Fold 0: 78837.08682827152
Fold 1: 2646.300208375495
Fold 2: 2792.062951504067
Fold 3: 6530.007454750576
Fold 4: 9957.29334330124


## Group Workshop - Check your understandings

Answer the following questions:

Instruction:  Gather in your group.  Will randomly pick groups to present.

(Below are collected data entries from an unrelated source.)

(* Let $V$ be a reflexive Banach space, $(X_n)_{n\in\mathbb N}$ Banach spaces and $Y$ a Banach space as in the definition below, and let $(V_n)_{n\in\mathbb N}$ be a non-conforming approximation of $V$ with respect to $(X_n)_{n\in\mathbb N}$ and $Y$. Suppose: - $A_n:X_n\to X_n^*$, $n\in\mathbb N$, is non-conforming pseudo-monotone with respect to $(V_n)$ and $A:V\to V^*$; - $B_n:X_n\to X_n^*$, $n\in\mathbb N$, is non-conforming pseudo-monotone with respect to $(V_n)$ and $B:V\to V^*$. Then $A_n+B_n:X_n\to X_n^*$, $n\in\mathbb N$, is non-conforming pseudo-monotone with respect to $(V_n)$ and $A+B:V\to V^*$.
   Context: Non-conforming approximation. Let $V$ be a reflexive Banach space and $(X_n)_{n\in\mathbb N}$ Banach spaces with $V\subseteq X_n$ and $\|\cdot\|_V=\|\cdot\|_{X_n}$ on $V$ for all $n$. Let $Y$ be a Banach space with $X_n\subseteq Y$ for all $n$. A sequence of reflexive Banach spaces $V_n\subseteq X_n$ is called a non-conforming approximation of $V$ with respect to $(X_n)$ and $Y$ if: - (NC.1) there is a dense subset $D\subseteq V$ such that for every $v\in D$ there exist $v_n\in V_n$ with $\|v_n-v\|_{X_n}\to0$; - (NC.2) for each sequence $v_n\in V_{m_n}$, where $(m_n)\subseteq\mathbb N$ with $m_n\to\infty$, the bound $\sup_n\|v_n\|_{X_{m_n}}<\infty$ implies that there exist a subsequence $(v_{n_\ell})$ and $v\in V$ with $v_{n_\ell}\rightharpoonup v$ weakly in $Y$. Non-conforming pseudo-monotonicity. Operators $A_n:X_n\to X_n^*$ are called non-conforming pseudo-monotone with respect to $(V_n)$ and $A:V\to V^*$ if the following holds. For each sequence $v_n\in V_{m_n}$ with $m_n\to\infty$ such that - $\sup_n\|v_n\|_{X_{m_n}}<\infty$, - $v_n\rightharpoonup v$ weakly in $Y$ (by (NC.2), such $v$ lies in $V$), and - $\limsup_n\langle A_{m_n}v_n,v_n-v\rangle_{X_{m_n}}\le0$, it follows that $\langle Av,v-z\rangle_V\le\liminf_n\langle A_{m_n}v_n,v_n-z\rangle_{X_{m_n}}$ for all $z\in V$. *)

theory Defs
  imports "HOL-Analysis.Analysis"
begin

text \<open>All spaces are real and embedded (as sets) in the ambient Banach space Y,
  modelled as a type 'y of class banach. A subspace S of Y carrying its own
  norm nrm is represented by the pair (S, nrm). Functionals on S are
  represented by functions 'y \<Rightarrow> real (only their values on S matter).\<close>

definition is_norm_on :: "'y::real_vector set \<Rightarrow> ('y \<Rightarrow> real) \<Rightarrow> bool" where
  "is_norm_on S nrm \<longleftrightarrow>
     (\<forall>x\<in>S. 0 \<le> nrm x) \<and> (\<forall>x\<in>S. nrm x = 0 \<longleftrightarrow> x = 0) \<and>
     (\<forall>c. \<forall>x\<in>S. nrm (c *\<^sub>R x) = \<bar>c\<bar> * nrm x) \<and>
     (\<forall>x\<in>S. \<forall>y\<in>S. nrm (x + y) \<le> nrm x + nrm y)"

definition banach_space_on :: "'y::real_vector set \<Rightarrow> ('y \<Rightarrow> real) \<Rightarrow> bool" where
  "banach_space_on S nrm \<longleftrightarrow> subspace S \<and> is_norm_on S nrm \<and>
     (\<forall>u::nat \<Rightarrow> 'y. (\<forall>n. u n \<in> S) \<and>
        (\<forall>e>0. \<exists>N. \<forall>k\<ge>N. \<forall>l\<ge>N. nrm (u k - u l) < e)
        \<longrightarrow> (\<exists>x\<in>S. (\<lambda>n. nrm (u n - x)) \<longlonglongrightarrow> 0))"

definition dual_space :: "'y::real_vector set \<Rightarrow> ('y \<Rightarrow> real) \<Rightarrow> ('y \<Rightarrow> real) set" where
  "dual_space S nrm = {f.
     (\<forall>x\<in>S. \<forall>y\<in>S. f (x + y) = f x + f y) \<and>
     (\<forall>c. \<forall>x\<in>S. f (c *\<^sub>R x) = c * f x) \<and>
     (\<exists>C. \<forall>x\<in>S. \<bar>f x\<bar> \<le> C * nrm x)}"

definition dual_norm :: "'y::real_vector set \<Rightarrow> ('y \<Rightarrow> real) \<Rightarrow> ('y \<Rightarrow> real) \<Rightarrow> real" where
  "dual_norm S nrm f = (SUP x\<in>{x\<in>S. nrm x \<le> 1}. \<bar>f x\<bar>)"

definition reflexive_on :: "'y::real_vector set \<Rightarrow> ('y \<Rightarrow> real) \<Rightarrow> bool" where
  "reflexive_on S nrm \<longleftrightarrow>
     (\<forall>\<Phi> :: ('y \<Rightarrow> real) \<Rightarrow> real.
        (\<forall>f\<in>dual_space S nrm. \<forall>g\<in>dual_space S nrm. \<Phi> (\<lambda>x. f x + g x) = \<Phi> f + \<Phi> g) \<and>
        (\<forall>c. \<forall>f\<in>dual_space S nrm. \<Phi> (\<lambda>x. c * f x) = c * \<Phi> f) \<and>
        (\<exists>C. \<forall>f\<in>dual_space S nrm. \<bar>\<Phi> f\<bar> \<le> C * dual_norm S nrm f)
      \<longrightarrow> (\<exists>x\<in>S. \<forall>f\<in>dual_space S nrm. \<Phi> f = f x))"

definition reflexive_banach_on :: "'y::real_vector set \<Rightarrow> ('y \<Rightarrow> real) \<Rightarrow> bool" where
  "reflexive_banach_on S nrm \<longleftrightarrow> banach_space_on S nrm \<and> reflexive_on S nrm"

definition weakly_conv :: "(nat \<Rightarrow> 'y::real_normed_vector) \<Rightarrow> 'y \<Rightarrow> bool" where
  "weakly_conv u x \<longleftrightarrow>
     (\<forall>f :: 'y \<Rightarrow> real. bounded_linear f \<longrightarrow> (\<lambda>n. f (u n)) \<longlonglongrightarrow> f x)"

text \<open>Standing assumptions: V reflexive Banach, X_n Banach, V \<subseteq> X_n with equal norms on V
  (X_n \<subseteq> Y is automatic since all spaces live in the type 'y).\<close>
definition nc_setting :: "'y::banach set \<Rightarrow> ('y \<Rightarrow> real) \<Rightarrow> (nat \<Rightarrow> 'y set) \<Rightarrow> (nat \<Rightarrow> 'y \<Rightarrow> real) \<Rightarrow> bool" where
  "nc_setting V nV X nX \<longleftrightarrow> reflexive_banach_on V nV \<and>
     (\<forall>n. banach_space_on (X n) (nX n) \<and> V \<subseteq> X n \<and> (\<forall>x\<in>V. nX n x = nV x))"

definition nc_approximation ::
  "'y::banach set \<Rightarrow> ('y \<Rightarrow> real) \<Rightarrow> (nat \<Rightarrow> 'y set) \<Rightarrow> (nat \<Rightarrow> 'y \<Rightarrow> real) \<Rightarrow> (nat \<Rightarrow> 'y set) \<Rightarrow> bool" where
  "nc_approximation V nV X nX Vn \<longleftrightarrow>
     (\<forall>n. Vn n \<subseteq> X n \<and> reflexive_banach_on (Vn n) (nX n)) \<and>
     (\<exists>D\<subseteq>V. (\<forall>x\<in>V. \<forall>e>0. \<exists>d\<in>D. nV (x - d) < e) \<and>
        (\<forall>d\<in>D. \<exists>w::nat \<Rightarrow> 'y. (\<forall>n. w n \<in> Vn n) \<and> (\<lambda>n. nX n (w n - d)) \<longlonglongrightarrow> 0)) \<and>
     (\<forall>(m::nat \<Rightarrow> nat) (u::nat \<Rightarrow> 'y). filterlim m at_top sequentially \<and>
        (\<forall>n. u n \<in> Vn (m n)) \<and> (\<exists>C. \<forall>n. nX (m n) (u n) \<le> C) \<longrightarrow>
        (\<exists>r x. strict_mono r \<and> x \<in> V \<and> weakly_conv (u \<circ> r) x))"

text \<open>An operator is a map 'y \<Rightarrow> ('y \<Rightarrow> real); the duality pairing \<langle>A x, y\<rangle> is A x y.\<close>
definition nc_pseudo_monotone ::
  "'y::banach set \<Rightarrow> ('y \<Rightarrow> real) \<Rightarrow> (nat \<Rightarrow> 'y set) \<Rightarrow> (nat \<Rightarrow> 'y \<Rightarrow> real) \<Rightarrow> (nat \<Rightarrow> 'y set)
   \<Rightarrow> (nat \<Rightarrow> 'y \<Rightarrow> 'y \<Rightarrow> real) \<Rightarrow> ('y \<Rightarrow> 'y \<Rightarrow> real) \<Rightarrow> bool" where
  "nc_pseudo_monotone V nV X nX Vn An A \<longleftrightarrow>
     (\<forall>n. \<forall>x\<in>X n. An n x \<in> dual_space (X n) (nX n)) \<and>
     (\<forall>x\<in>V. A x \<in> dual_space V nV) \<and>
     (\<forall>(m::nat \<Rightarrow> nat) (u::nat \<Rightarrow> 'y) v.
        filterlim m at_top sequentially \<and> (\<forall>n. u n \<in> Vn (m n)) \<and>
        (\<exists>C. \<forall>n. nX (m n) (u n) \<le> C) \<and> weakly_conv u v \<and> v \<in> V \<and>
        limsup (\<lambda>n. ereal (An (m n) (u n) (u n - v))) \<le> 0
        \<longrightarrow> (\<forall>z\<in>V. ereal (A v (v - z)) \<le> liminf (\<lambda>n. ereal (An (m n) (u n) (u n - z)))))"

end

theory Submission
  imports Defs
begin

text \<open>If the limsup of \<open>\<langle>A\<^sub>n u\<^sub>n + B\<^sub>n u\<^sub>n, u\<^sub>n - v\<rangle>\<close> is at most 0, so is the limsup of each
  summand. Otherwise some subsequence has \<open>\<langle>A\<^sub>n u\<^sub>n, u\<^sub>n - v\<rangle> \<ge> \<epsilon>\<close>, hence eventually
  \<open>\<langle>B\<^sub>n u\<^sub>n, u\<^sub>n - v\<rangle> \<le> -\<epsilon>/2\<close> along it; pseudo-monotonicity of \<open>(B\<^sub>n)\<close> on this subsequence,
  tested with \<open>z = v\<close>, gives \<open>0 = \<langle>B v, 0\<rangle> \<le> liminf \<langle>B\<^sub>n u\<^sub>n, u\<^sub>n - v\<rangle> \<le> -\<epsilon>/2\<close>. So both
  operator sequences apply separately, and their liminf inequalities add up by
  superadditivity of liminf.\<close>

definition nc_test_sequence ::
  "(nat \<Rightarrow> 'y set) \<Rightarrow> (nat \<Rightarrow> 'y \<Rightarrow> real) \<Rightarrow> (nat \<Rightarrow> nat) \<Rightarrow> (nat \<Rightarrow> 'y::real_normed_vector) \<Rightarrow> 'y \<Rightarrow> bool"
where
  "nc_test_sequence Vn nX m u v \<longleftrightarrow>
     filterlim m at_top sequentially \<and> (\<forall>n. u n \<in> Vn (m n)) \<and>
     (\<exists>C. \<forall>n. nX (m n) (u n) \<le> C) \<and> weakly_conv u v"

lemma nc_pseudo_monotone_iff:
  "nc_pseudo_monotone V nV X nX Vn An A \<longleftrightarrow>
     (\<forall>n. \<forall>x\<in>X n. An n x \<in> dual_space (X n) (nX n)) \<and>
     (\<forall>x\<in>V. A x \<in> dual_space V nV) \<and>
     (\<forall>m u v. nc_test_sequence Vn nX m u v \<and> v \<in> V \<and>
        limsup (\<lambda>n. ereal (An (m n) (u n) (u n - v))) \<le> 0
        \<longrightarrow> (\<forall>z\<in>V. ereal (A v (v - z)) \<le> liminf (\<lambda>n. ereal (An (m n) (u n) (u n - z)))))"
  unfolding nc_pseudo_monotone_def nc_test_sequence_def by blast

lemma nc_pseudo_monotoneD:
  assumes "nc_pseudo_monotone V nV X nX Vn An A"
    and "nc_test_sequence Vn nX m u v" and "v \<in> V"
    and "limsup (\<lambda>n. ereal (An (m n) (u n) (u n - v))) \<le> 0"
    and "z \<in> V"
  shows "ereal (A v (v - z)) \<le> liminf (\<lambda>n. ereal (An (m n) (u n) (u n - z)))"
  using assms unfolding nc_pseudo_monotone_iff by blast

lemma weakly_conv_subseq:
  assumes "weakly_conv u v" and "strict_mono r"
  shows "weakly_conv (u \<circ> r) v"
  unfolding weakly_conv_def
proof (intro allI impI)
  fix f :: "'a \<Rightarrow> real"
  assume "bounded_linear f"
  with assms(1) have "(\<lambda>n. f (u n)) \<longlonglongrightarrow> f v"
    unfolding weakly_conv_def by blast
  from LIMSEQ_subseq_LIMSEQ[OF this assms(2)] show "(\<lambda>n. f ((u \<circ> r) n)) \<longlonglongrightarrow> f v"
    by (simp add: comp_def)
qed

lemma nc_test_sequence_subseq:
  assumes "nc_test_sequence Vn nX m u v" and r: "strict_mono r"
  shows "nc_test_sequence Vn nX (m \<circ> r) (u \<circ> r) v"
proof -
  have "filterlim (m \<circ> r) at_top sequentially"
    using assms filterlim_compose[OF _ filterlim_subseq[OF r], of m at_top]
    unfolding nc_test_sequence_def comp_def by blast
  with assms show ?thesis
    unfolding nc_test_sequence_def by (auto simp: weakly_conv_subseq)
qed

1.  Explain why Chaky teach stochastic and mini-batch gradient descent.  Why we should care?  Explain in your own words.
2.  What's the shape of `X_train` and `y_train`?
3.  What does `batch_size=50` means?
4.  what is `np.infty`?  Why is set like that?
5.  What is `enumerate(self.cv.split(X_train))`
6.  What's the shape of `X_cross_train` and `y_cross_train`?
7.  What's the shape of `X_method_train` and `y_method_train` in the case of stochastic gradient descent?
8.  What's the shape of `X_method_train` and `y_method_train` in the case of mini-batch gradient descent?
9.  What's the shape of `X_method_train` and `y_method_train` in the case of batch gradient descent?
10. In https://scikit-learn.org/stable/modules/classes.html#module-sklearn.model_selection, there are many ways to split and `KFold` is the simplest.  Try do `enumerate` the `ShuffleSplit` and tells us what index it gave us.   If you are confused, see the examples shown in https://scikit-learn.org/stable/modules/generated/sklearn.model_selection.ShuffleSplit.html#sklearn.model_selection.ShuffleSplit
11. Change our code so that it uses `ShuffleSplit`.  Report the Test MSE.
12. Please learn about `TimeSeriesSplit` by yourself, as it is used in time series data.
13. In one `epoch`, we train a model using all training data.  Which line(s) of code makes sure we used all the training data?
14. What is `np.random.permutation` and what does it give you?  Demonstrate your answer with trial code.
15. In a line `X_method_train = X_cross_train[batch_idx].reshape(1, -1)`, why do we need to reshape?
16. In a line `yhat_val = self.predict(X_cross_val)`, when should validation happens?  
17. What does this line do: `if np.allclose(val_loss_new, self.val_loss_old): break`?
18. Explain why the coefficients can be achieved via `return self.theta[1:]`
19. Perform an experiment comparing these parameters using cross-validation: `alpha: {0.1, 0.01, 0.001}`, `method:{'batch', 'sto', 'mini'}`.  Write a short paragraph report.